Hello out there. We're considering the Chausson Flash models with a garage (04 and 11). They seem to have the payload, but the door size looks a bit tight. Does anyone know if it is possible to get a Scooter (125cc or so) in there (and out again of course!).
If anyone has any scooter recommendations they would also be gratefully received.
Thanks very much, the sharing of the collective wisdom is much appreciated.


----------



## gmberryman

Hi, Just bought a new flash 11 and the garage door is massive will easily take a 125 scooter i have a honda lead 100 and i have about a foot clearance above the handlebars to get it in and out having measured the honda dylan 125 i know that these will fit no problem i went for the honda lead as it takes two people no problem its 4 stroke so no oil to mix and much quieter and above all the lead is about half the price of a dylan second hand.


----------



## Jennifer

Have a look at the Kentucky range, very popular with motor cross competitors.

Jenny


----------



## Jezport

Dont forget to check the payload


----------



## Lesleykh

No advice to give - sorry - but the title made me smile because we call the tiny box area accessible from the back of the van our garage! You can get some boots, the leads and hose in there, but no vehicle!

Come to think of it we regularly miscall the cellar "the garage".

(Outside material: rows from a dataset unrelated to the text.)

(* Let $\Omega\subseteq\mathbb R^3$ be a nonempty open set, $V\in\Omega$ and $k\ge0$. Then $$\{\kappa_{\vec x-V}(\mathbf q_1):\mathbf q_1\in[\Pi^k(\Omega)]^3\}=\{\kappa_{\vec x-V}(\mathbf q_2):\mathbf q_2\in[\Pi^k(\Omega)]^3,\ \operatorname{div}\mathbf q_2=0\}.$$
   Context: $\Pi^k(\Omega)$ denotes the space of polynomials of total degree at most $k$ in $\vec x=(x,y,z)$, restricted to $\Omega$. For $V\in\mathbb R^3$ the Koszul operator is $\kappa_{\vec x-V}(\mathbf a):=(\vec x-V)\times\mathbf a$ for vector fields $\mathbf a$. *)

theory Defs
  imports "HOL-Analysis.Analysis"
begin

definition poly3 :: "nat \<Rightarrow> (real^3 \<Rightarrow> real) set" where
  "poly3 k = {p. \<exists>c :: nat \<Rightarrow> nat \<Rightarrow> nat \<Rightarrow> real. \<forall>v.
     p v = (\<Sum>(a,b,d) \<in> {(a,b,d). a + b + d \<le> k}. c a b d * (v$1)^a * (v$2)^b * (v$3)^d)}"

definition polyvec3 :: "nat \<Rightarrow> (real^3 \<Rightarrow> real^3) set" where
  "polyvec3 k = {q. \<forall>i. (\<lambda>v. q v $ i) \<in> poly3 k}"

definition divergence :: "(real^3 \<Rightarrow> real^3) \<Rightarrow> real^3 \<Rightarrow> real" where
  "divergence q v = (\<Sum>i\<in>UNIV. frechet_derivative q (at v) (axis i 1) $ i)"

definition koszul :: "real^3 \<Rightarrow> (real^3 \<Rightarrow> real^3) \<Rightarrow> real^3 \<Rightarrow> real^3" where
  "koszul V a v = cross3 (v - V) (a v)"

end

theory Submission
  imports Defs
begin

text \<open>Write \<open>y = x - V\<close>. Since \<open>y \<times> y = 0\<close>, the Koszul image of \<open>q\<close> does not change when
  \<open>q\<close> is replaced by \<open>q - p y\<close> for a scalar polynomial \<open>p\<close>. By Euler's identity
  \<open>div (p y) = \<nabla>p \<cdot> y + 3 p = (m + 3) p\<close> when \<open>p\<close> is homogeneous of degree \<open>m\<close> in \<open>y\<close>.
  Expanding \<open>q\<close> in monomials centred at \<open>V\<close> and dividing each homogeneous part of \<open>div q\<close>
  by its degree plus three therefore yields \<open>p\<close> of degree \<open>\<le> k - 1\<close> with \<open>div (p y) = div q\<close>,
  and \<open>q - p y\<close> is a divergence-free polynomial field with the same Koszul image. It is
  divergence-free on all of \<open>\<real>\<^sup>3\<close>.\<close>

definition mdegree :: "nat \<times> nat \<times> nat \<Rightarrow> nat" where
  "mdegree = (\<lambda>(a, b, d). a + b + d)"

definition multi_indices :: "nat \<Rightarrow> (nat \<times> nat \<times> nat) set" where
  "multi_indices k = {\<alpha>. mdegree \<alpha> \<le> k}"

definition monomial_at :: "real^3 \<Rightarrow> nat \<times> nat \<times> nat \<Rightarrow> real^3 \<Rightarrow> real" where
  "monomial_at V = (\<lambda>(a, b, d) v. (v$1 - V$1)^a * (v$2 - V$2)^b * (v$3 - V$3)^d)"

definition poly_at :: "real^3 \<Rightarrow> nat \<Rightarrow> (real^3 \<Rightarrow> real) set" where
  "poly_at V k = {p. \<exists>c. \<forall>v. p v = (\<Sum>\<alpha>\<in>multi_indices k. c \<alpha> * monomial_at V \<alpha> v)}"

lemma mdegree_Pair [simp]: "mdegree (a, b, d) = a + b + d"
  by (simp add: mdegree_def)

lemma monomial_at_Pair [simp]:
  "monomial_at V (a, b, d) v = (v$1 - V$1)^a * (v$2 - V$2)^b * (v$3 - V$3)^d"
  by (simp add: monomial_at_def)

lemma finite_multi_indices: "finite (multi_indices k)"
  by (rule finite_subset[of _ "{..k} \<times> {..k} \<times> {..k}"]) (auto simp: multi_indices_def)

lemma poly3_eq_poly_at_0: "poly3 k = poly_at 0 k"
proof (intro set_eqI iffI)
  fix p assume "p \<in> poly3 k"
  then obtain c where "\<forall>v. p v = (\<Sum>(a,b,d) \<in> {(a,b,d). a + b + d \<le> k}. c a b d * (v$1)^a * (v$2)^b * (v$3)^d)"
    by (auto simp: poly3_def)
  then show "p \<in> poly_at 0 k"
    unfolding poly_at_def multi_indices_def
    by (intro CollectI exI[of _ "\<lambda>(a, b, d). c a b d"]) (auto simp: mdegree_def monomial_at_def split_def mult.assoc)
next
  fix p assume "p \<in> poly_at 0 k"
  then obtain c where "\<forall>v. p v = (\<Sum>\<alpha>\<in>multi_indices k. c \<alpha> * monomial_at 0 \<alpha> v)"
    by (auto simp: poly_at_def)
  then show "p \<in> poly3 k"
    unfolding poly3_def multi_indices_def
    by (intro CollectI exI[of _ "\<lambda>a b d. c (a, b, d)"]) (auto simp: mdegree_def monomial_at_def split_def mult.assoc)
qed

lemma poly_at_zero: "(\<lambda>v. 0) \<in> poly_at V k"
  unfolding poly_at_def by (intro CollectI exI[of _ "\<lambda>_. 0"]) simp

lemma poly_at_add:
  assumes "p \<in> poly_at V k" "r \<in> poly_at V k"
  shows "(\<lambda>v. p v + r v) \<in> poly_at V k"
proof -
  obtain c c' where "\<forall>v. p v = (\<Sum>\<alpha>\<in>multi_indices k. c \<alpha> * monomial_at V \<alpha> v)"
    and "\<forall>v. r v = (\<Sum>\<alpha>\<in>multi_indices k. c' \<alpha> * monomial_at V \<alpha> v)"
    using assms by (auto simp: poly_at_def)
  then show ?thesis
    unfolding poly_at_def
    by (intro CollectI exI[of _ "\<lambda>\<alpha>. c \<alpha> + c' \<alpha>"]) (simp add: distrib_right sum.distrib)
qed

lemma poly_at_cmult:
  assumes "p \<in> poly_at V k"
  shows "(\<lambda>v. r * p v) \<in> poly_at V k"
proof -
  obtain c where "\<forall>v. p v = (\<Sum>\<alpha>\<in>multi_indices k. c \<alpha> * monomial_at V \<alpha> v)"
    using assms by (auto simp: poly_at_def)
  then show ?thesis
    unfolding poly_at_def
    by (intro CollectI exI[of _ "\<lambda>\<alpha>. r * c \<alpha>"]) (simp add: sum_distrib_left mult.assoc)
qed

lemma poly_at_diff:
  assumes "p \<in> poly_at V k" "r \<in> poly_at V k"
  shows "(\<lambda>v. p v - r v) \<in> poly_at V k"
  using poly_at_add[OF assms(1) poly_at_cmult[OF assms(2), of "-1"]] by simp

lemma poly_at_sum:
  assumes "finite I" "\<And>i. i \<in> I \<Longrightarrow> f i \<in> poly_at V k"
  shows "(\<lambda>v. \<Sum>i\<in>I. f i v) \<in> poly_at V k"
  using assms
proof (induction I rule: finite_induct)
  case empty
  then show ?case using poly_at_zero by simp
next
  case (insert x F)
  then show ?case using poly_at_add[of "f x" V k "\<lambda>v. \<Sum>i\<in>F. f i v"] by simp
qed

lemma monomial_at_in_poly_at:
  assumes "\<alpha> \<in> multi_indices k"
  shows "monomial_at V \<alpha> \<in> poly_at V k"
  unfolding poly_at_def
  using assms finite_multi_indices
  by (intro CollectI exI[of _ "\<lambda>\<beta>. of_bool (\<beta> = \<alpha>)"]) (simp add: of_bool_def if_distrib[of "\<lambda>c. c * _"] sum.delta cong: if_cong)

lemma power_diff_binomial_shift:
  fixes x w w' :: real
  shows "(x - w)^a = (\<Sum>i\<le>a. (of_nat (a choose i) * (w' - w)^(a - i)) * (x - w')^i)"
proof -
  have "(x - w)^a = ((x - w') + (w' - w))^a" by simp
  also have "\<dots> = (\<Sum>i\<le>a. of_nat (a choose i) * (x - w')^i * (w' - w)^(a - i))"
    by (rule binomial_ring)
  finally show ?thesis by (simp add: mult_ac)
qed

lemma monomial_at_change_center:
  assumes "\<alpha> \<in> multi_indices k"
  shows "monomial_at W \<alpha> \<in> poly_at V k"
proof -
  obtain a b d where \<alpha>: "\<alpha> = (a, b, d)" by (cases \<alpha>)
  define A where "A i = of_nat (a choose i) * (V$1 - W$1)^(a - i)" for i
  define B where "B j = of_nat (b choose j) * (V$2 - W$2)^(b - j)" for j
  define D where "D l = of_nat (d choose l) * (V$3 - W$3)^(d - l)" for l
  have expand: "monomial_at W \<alpha> v
      = (\<Sum>i\<le>a. \<Sum>j\<le>b. \<Sum>l\<le>d. (A i * B j * D l) * monomial_at V (i, j, l) v)" for v
    unfolding \<alpha> monomial_at_Pair A_def B_def D_def
    by (subst power_diff_binomial_shift[of _ _ a "V$1"], subst power_diff_binomial_shift[of _ _ b "V$2"],
        subst power_diff_binomial_shift[of _ _ d "V$3"])
      (simp add: sum_distrib_left sum_distrib_right mult_ac, rule sum.swap)
  show ?thesis
    unfolding expand[abs_def]
    using assms by (intro poly_at_sum poly_at_cmult monomial_at_in_poly_at finite_atMost)
      (auto simp: \<alpha> multi_indices_def)
qed

lemma poly_at_change_center:
  assumes "p \<in> poly_at W k"
  shows "p \<in> poly_at V k"
proof -
  obtain c where "\<forall>v. p v = (\<Sum>\<alpha>\<in>multi_indices k. c \<alpha> * monomial_at W \<alpha> v)"
    using assms by (auto simp: poly_at_def)
  then have "p = (\<lambda>v. \<Sum>\<alpha>\<in>multi_indices k. c \<alpha> * monomial_at W \<alpha> v)" by auto
  also have "\<dots> \<in> poly_at V k"
    by (intro poly_at_sum poly_at_cmult monomial_at_change_center finite_multi_indices)
  finally show ?thesis .
qed

lemma poly_at_coordinate_mult:
  assumes "p \<in> poly_at V k"
  shows "(\<lambda>v. (v$j - V$j) * p v) \<in> poly_at V (Suc k)"
proof -
  obtain c where c: "\<forall>v. p v = (\<Sum>\<alpha>\<in>multi_indices k. c \<alpha> * monomial_at V \<alpha> v)"
    using assms by (auto simp: poly_at_def)
  have "(\<lambda>v. (v$j - V$j) * monomial_at V \<alpha> v) \<in> poly_at V (Suc k)"
    if \<alpha>k: "\<alpha> \<in> multi_indices k" for \<alpha>
  proof -
    obtain a b d where \<alpha>: "\<alpha> = (a, b, d)" by (cases \<alpha>)
    show ?thesis
      using exhaust_3[of j] \<alpha>k monomial_at_in_poly_at[of "(Suc a, b, d)" "Suc k" V]
        monomial_at_in_poly_at[of "(a, Suc b, d)" "Suc k" V] monomial_at_in_poly_at[of "(a, b, Suc d)" "Suc k" V]
      by (auto simp: \<alpha> multi_indices_def monomial_at_def mult_ac)
  qed
  then show ?thesis
    using c by (simp add: sum_distrib_left mult.left_commute)
      (intro poly_at_sum poly_at_cmult finite_multi_indices, auto)
qed

definition monomial_deriv :: "real^3 \<Rightarrow> nat \<times> nat \<times> nat \<Rightarrow> real^3 \<Rightarrow> real^3 \<Rightarrow> real" where
  "monomial_deriv V = (\<lambda>(a, b, d) v h.
     real a * monomial_at V (a - 1, b, d) v * h$1 + real b * monomial_at V (a, b - 1, d) v * h$2
     + real d * monomial_at V (a, b, d - 1) v * h$3)"

definition monomial_deriv2 :: "real^3 \<Rightarrow> nat \<times> nat \<times> nat \<Rightarrow> real^3 \<Rightarrow> real^3 \<Rightarrow> real^3 \<Rightarrow> real" where
  "monomial_deriv2 V = (\<lambda>(a, b, d) v h h'.
     real a * h$1 * monomial_deriv V (a - 1, b, d) v h' + real b * h$2 * monomial_deriv V (a, b - 1, d) v h'
     + real d * h$3 * monomial_deriv V (a, b, d - 1) v h')"

lemma has_derivative_vec_nth [derivative_intros]:
  "((\<lambda>x::real^'n. x$i) has_derivative (\<lambda>x. x$i)) F"
  by (rule bounded_linear.has_derivative[OF bounded_linear_vec_nth has_derivative_ident])

lemma has_derivative_monomial_at:
  "(monomial_at V \<alpha> has_derivative monomial_deriv V \<alpha> v) (at v)"
  unfolding monomial_at_def monomial_deriv_def
  by (cases \<alpha>) (auto intro!: derivative_eq_intros simp: algebra_simps fun_eq_iff)

lemma has_derivative_monomial_deriv:
  "((\<lambda>w. monomial_deriv V \<alpha> w h) has_derivative monomial_deriv2 V \<alpha> v h) (at v)"
  unfolding monomial_deriv_def monomial_deriv2_def
  by (cases \<alpha>) (auto intro!: derivative_eq_intros has_derivative_monomial_at simp: algebra_simps fun_eq_iff)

Maybe it's time to just give up and accept we are middle aged and our brains are becoming addled!

L x


----------



## FordPrefect

Wow, thanks for such prompt replies! In particular thanks for taking the trouble gmberryman to give such succinct guidance. Its great to know that help is at hand, and we hope to pass some on in the future.


----------



## milfy

gmberryman said:


> Hi, Just bought a new flash 11 and the garage door is massive will easily take a 125 scooter i have a honda lead 100 and i have about a foot clearance above the handlebars to get it in and out having measured the honda dylan 125 i know that these will fit no problem i went for the honda lead as it takes two people no problem its 4 stroke so no oil to mix and much quieter and above all the lead is about half the price of a dylan second hand.


you need a scooter in yours as it breaks down :lol: :lol: :lol:

you can fit a motocross bike or a ducati in the back no problem and they carry them no problem the flash 11 door is 3 inches high than my oddessey 92 with the bed on top runners


----------



## ShinyFiat

When is a garage not a garage?

when your dog cant pee in it :lol: :lol: :lol:


----------



## pneumatician

*garage*

Not if you can't :-

Get a car, two motorbikes, two bicycles, washing machine, tumble dryer, tools and several model aircraft in it.

It is then the Boot. 
Our boot contains one little motorbike, required camping equipment, awning and either model aircraft or boat.

You can of course call the empty void what you like.

Steve


----------